▶ [Task] The response should consist solely of the lines running from the line with "VH EH VG EG" to the end of the data, retyped exactly.

▶ [Task data]
(* Let $\mathfrak{A}=(Q,\Sigma_I\times\Sigma_O,q_\iota,\delta,\Omega)$ be a deterministic parity automaton and let $k>0$. If Player~$O$ wins the game $\mathcal{G}_k$, then she wins the delay game $\Gamma_{2k-1}(L(\mathfrak{A}))$.
   Context: DPA: $\mathfrak{A}$ has finite state set $Q$, initial state $q_\iota$, transition function $\delta\colon Q\times(\Sigma_I\times\Sigma_O)\to Q$, coloring $\Omega\colon Q\to\mathbb{N}$; a run $q_0q_1\cdots$ ($q_0=q_\iota$, $q_{i+1}=\delta(q_i,\text{$i$-th letter})$) is accepting iff $\limsup_i\Omega(q_i)$ is even; $L(\mathfrak{A})$ is the set of words with accepting run. Delay game $\Gamma_m(L)$: in round $0$ Player~$I$ picks $a_0\cdots a_m\in\Sigma_I$, then Player~$O$ picks $b_0\in\Sigma_O$; in round $i>0$ Player~$I$ picks $a_{m+i}$, then Player~$O$ picks $b_i$. A strategy for $O$ is $\sigma\colon\Sigma_I^*\to\Sigma_O$, an outcome is consistent with it if $b_i=\sigma(a_0\cdots a_{i+m})$ for all $i$, it is winning if all consistent outcomes $\binom{a_0}{b_0}\binom{a_1}{b_1}\cdots$ lie in $L$, and $O$ wins if she has a winning strategy. The game $\mathcal{G}_k$: let $C=\Omega(Q)$. Define $\delta_\mathcal{T}((q,c),\binom{a}{b})=(q',\max\{c,\Omega(q')\})$ with $q'=\delta(q,\binom{a}{b})$, and $\delta_\mathcal{P}\colon 2^{Q\times C}\times\Sigma_I\to 2^{Q\times C}$ by $\delta_\mathcal{P}(S,a)=\bigcup_{(q,c)\in S}\bigcup_{b\in\Sigma_O}\{\delta_\mathcal{T}((q,c),\binom{a}{b})\}$, extended to words by $\delta^*_\mathcal{P}(S,\epsilon)=S$, $\delta^*_\mathcal{P}(S,wa)=\delta_\mathcal{P}(\delta^*_\mathcal{P}(S,w),a)$. For nonempty $D\subseteq Q\times C$ and $w\in\Sigma_I^*$ let $r^D_w\colon D\to 2^{Q\times C}$, $r^D_w(q,c)=\delta^*_\mathcal{P}(\{(q,\Omega(q))\},w)$. Let $\mathfrak{R}=\{r^D_w : w\in\Sigma_I^k,\ \emptyset\ne D\subseteq Q\times C\}$ (partial functions $Q\times C\rightharpoonup 2^{Q\times C}$ with domain $\mathrm{dom}(r)$). In $\mathcal{G}_k$, in each round $i\in\mathbb{N}$ Player~$I$ picks $r_i\in\mathfrak{R}$ and then Player~$O$ picks $(q_i,c_i)\in Q\times C$, subject to: $\mathrm{dom}(r_0)=\{(q_\iota,\Omega(q_\iota))\}$, $\mathrm{dom}(r_i)=r_{i-1}(q_{i-1},c_{i-1})$ for $i>0$, and $(q_i,c_i)\in\mathrm{dom}(r_i)$ for all $i$. A play is won by Player~$O$ iff $\limsup_i c_i$ is even. A strategy for $O$ maps each prefix $r_0(q_0,c_0)\cdots r_i$ to a legal $(q_i,c_i)$; she wins $\mathcal{G}_k$ if she has a strategy all of whose consistent plays she wins. *)

theory Defs
  imports Main "HOL-Library.Extended_Nat" "HOL-Library.Liminf_Limsup"
begin

record ('q, 'a, 'b) dpa =
  init  :: 'q
  delta :: "'q \<Rightarrow> 'a \<times> 'b \<Rightarrow> 'q"
  col   :: "'q \<Rightarrow> nat"

fun run :: "('q, 'a, 'b) dpa \<Rightarrow> (nat \<Rightarrow> 'a \<times> 'b) \<Rightarrow> nat \<Rightarrow> 'q" where
  "run A w 0 = init A"
| "run A w (Suc i) = delta A (run A w i) (w i)"

definition limsup_even :: "(nat \<Rightarrow> nat) \<Rightarrow> bool" where
  "limsup_even f \<longleftrightarrow> (\<exists>n. limsup (\<lambda>i. enat (f i)) = enat n \<and> even n)"

definition lang :: "('q, 'a, 'b) dpa \<Rightarrow> (nat \<Rightarrow> 'a \<times> 'b) set" where
  "lang A = {w. limsup_even (\<lambda>i. col A (run A w i))}"

definition delay_outcome :: "nat \<Rightarrow> ('a list \<Rightarrow> 'b) \<Rightarrow> (nat \<Rightarrow> 'a) \<Rightarrow> nat \<Rightarrow> 'a \<times> 'b" where
  "delay_outcome m \<sigma> \<alpha> = (\<lambda>i. (\<alpha> i, \<sigma> (map \<alpha> [0..<i + m + 1])))"

definition wins_delay :: "nat \<Rightarrow> (nat \<Rightarrow> 'a \<times> 'b) set \<Rightarrow> bool" where
  "wins_delay m L \<longleftrightarrow> (\<exists>\<sigma> :: 'a list \<Rightarrow> 'b. \<forall>\<alpha>. delay_outcome m \<sigma> \<alpha> \<in> L)"

definition colors :: "('q, 'a, 'b) dpa \<Rightarrow> nat set" where
  "colors A = range (col A)"

definition deltaT :: "('q, 'a, 'b) dpa \<Rightarrow> 'q \<times> nat \<Rightarrow> 'a \<times> 'b \<Rightarrow> 'q \<times> nat" where
  "deltaT A qc ab = (let q' = delta A (fst qc) ab in (q', max (snd qc) (col A q')))"
(* Let $H$ be a linear forest and let $k\ge 1$, $n\ge 1$ be integers. Then for every complete $k$-partite graph $G$ on $n$ vertices (with parts $A_1,\dots,A_k$ partitioning the vertex set, some possibly empty), $$\mathcal{N}(H,G)\le \mathcal{N}(H,T(n,k)).$$
   Context: $\mathcal{N}(H,G)$ denotes the number of (not necessarily induced) subgraphs of $G$ isomorphic to $H$. A linear forest is a graph each of whose connected components is a path. The Turán graph $T(n,k)$ is the complete $k$-partite graph on $n$ vertices with each part of size $\lfloor n/k\rfloor$ or $\lceil n/k\rceil$. A complete $k$-partite graph with parts $A_1,\dots,A_k$ has an edge between two vertices exactly when they lie in different parts. *)

theory Defs
  imports Main
begin

definition wf_graph :: "'a set \<Rightarrow> 'a set set \<Rightarrow> bool" where
  "wf_graph V E \<longleftrightarrow> finite V \<and> (\<forall>e\<in>E. \<exists>u v. e = {u, v} \<and> u \<noteq> v \<and> u \<in> V \<and> v \<in> V)"

definition graph_iso :: "'a set \<Rightarrow> 'a set set \<Rightarrow> 'b set \<Rightarrow> 'b set set \<Rightarrow> bool" where
  "graph_iso V1 E1 V2 E2 \<longleftrightarrow> (\<exists>f. bij_betw f V1 V2 \<and> (\<lambda>e. f ` e) ` E1 = E2)"

text \<open>N(H,G): number of (not necessarily induced) subgraphs of G isomorphic to H.\<close>

definition num_copies :: "'b set \<Rightarrow> 'b set set \<Rightarrow> 'a set \<Rightarrow> 'a set set \<Rightarrow> nat" where
  "num_copies VH EH VG EG =
     card {(V', E'). V' \<subseteq> VG \<and> E' \<subseteq> EG \<and> (\<forall>e\<in>E'. e \<subseteq> V') \<and> graph_iso V' E' VH EH}"

definition path_edges :: "nat \<Rightarrow> nat set set" where
  "path_edges m = {{i, Suc i} | i. Suc i < m}"

definition is_path :: "'a set \<Rightarrow> 'a set set \<Rightarrow> bool" where
  "is_path V E \<longleftrightarrow> (\<exists>m\<ge>1. graph_iso V E {0..<m} (path_edges m))"

definition linear_forest :: "'a set \<Rightarrow> 'a set set \<Rightarrow> bool" where
  "linear_forest V E \<longleftrightarrow> wf_graph V E \<and>
     (\<exists>P. (\<Union>P = V) \<and> (\<forall>B\<in>P. \<forall>B'\<in>P. B \<noteq> B' \<longrightarrow> B \<inter> B' = {}) \<and>
          (\<forall>e\<in>E. \<exists>B\<in>P. e \<subseteq> B) \<and>
          (\<forall>B\<in>P. is_path B {e\<in>E. e \<subseteq> B}))"

definition cmp_edges :: "nat \<Rightarrow> (nat \<Rightarrow> 'a set) \<Rightarrow> 'a set set" where
  "cmp_edges k A = {{u, v} | u v i j. i < k \<and> j < k \<and> i \<noteq> j \<and> u \<in> A i \<and> v \<in> A j}"

definition is_partition_into :: "nat \<Rightarrow> (nat \<Rightarrow> 'a set) \<Rightarrow> 'a set \<Rightarrow> bool" where
  "is_partition_into k A V \<longleftrightarrow> (\<Union>i<k. A i) = V \<and> (\<forall>i<k. \<forall>j<k. i \<noteq> j \<longrightarrow> A i \<inter> A j = {})"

▶ [Result below]
  "num_copies VH EH VG EG =
     card {(V', E'). V' \<subseteq> VG \<and> E' \<subseteq> EG \<and> (\<forall>e\<in>E'. e \<subseteq> V') \<and> graph_iso V' E' VH EH}"

definition path_edges :: "nat \<Rightarrow> nat set set" where
  "path_edges m = {{i, Suc i} | i. Suc i < m}"

definition is_path :: "'a set \<Rightarrow> 'a set set \<Rightarrow> bool" where
  "is_path V E \<longleftrightarrow> (\<exists>m\<ge>1. graph_iso V E {0..<m} (path_edges m))"

definition linear_forest :: "'a set \<Rightarrow> 'a set set \<Rightarrow> bool" where
  "linear_forest V E \<longleftrightarrow> wf_graph V E \<and>
     (\<exists>P. (\<Union>P = V) \<and> (\<forall>B\<in>P. \<forall>B'\<in>P. B \<noteq> B' \<longrightarrow> B \<inter> B' = {}) \<and>
          (\<forall>e\<in>E. \<exists>B\<in>P. e \<subseteq> B) \<and>
          (\<forall>B\<in>P. is_path B {e\<in>E. e \<subseteq> B}))"

definition cmp_edges :: "nat \<Rightarrow> (nat \<Rightarrow> 'a set) \<Rightarrow> 'a set set" where
  "cmp_edges k A = {{u, v} | u v i j. i < k \<and> j < k \<and> i \<noteq> j \<and> u \<in> A i \<and> v \<in> A j}"

definition is_partition_into :: "nat \<Rightarrow> (nat \<Rightarrow> 'a set) \<Rightarrow> 'a set \<Rightarrow> bool" where
  "is_partition_into k A V \<longleftrightarrow> (\<Union>i<k. A i) = V \<and> (\<forall>i<k. \<forall>j<k. i \<noteq> j \<longrightarrow> A i \<inter> A j = {})"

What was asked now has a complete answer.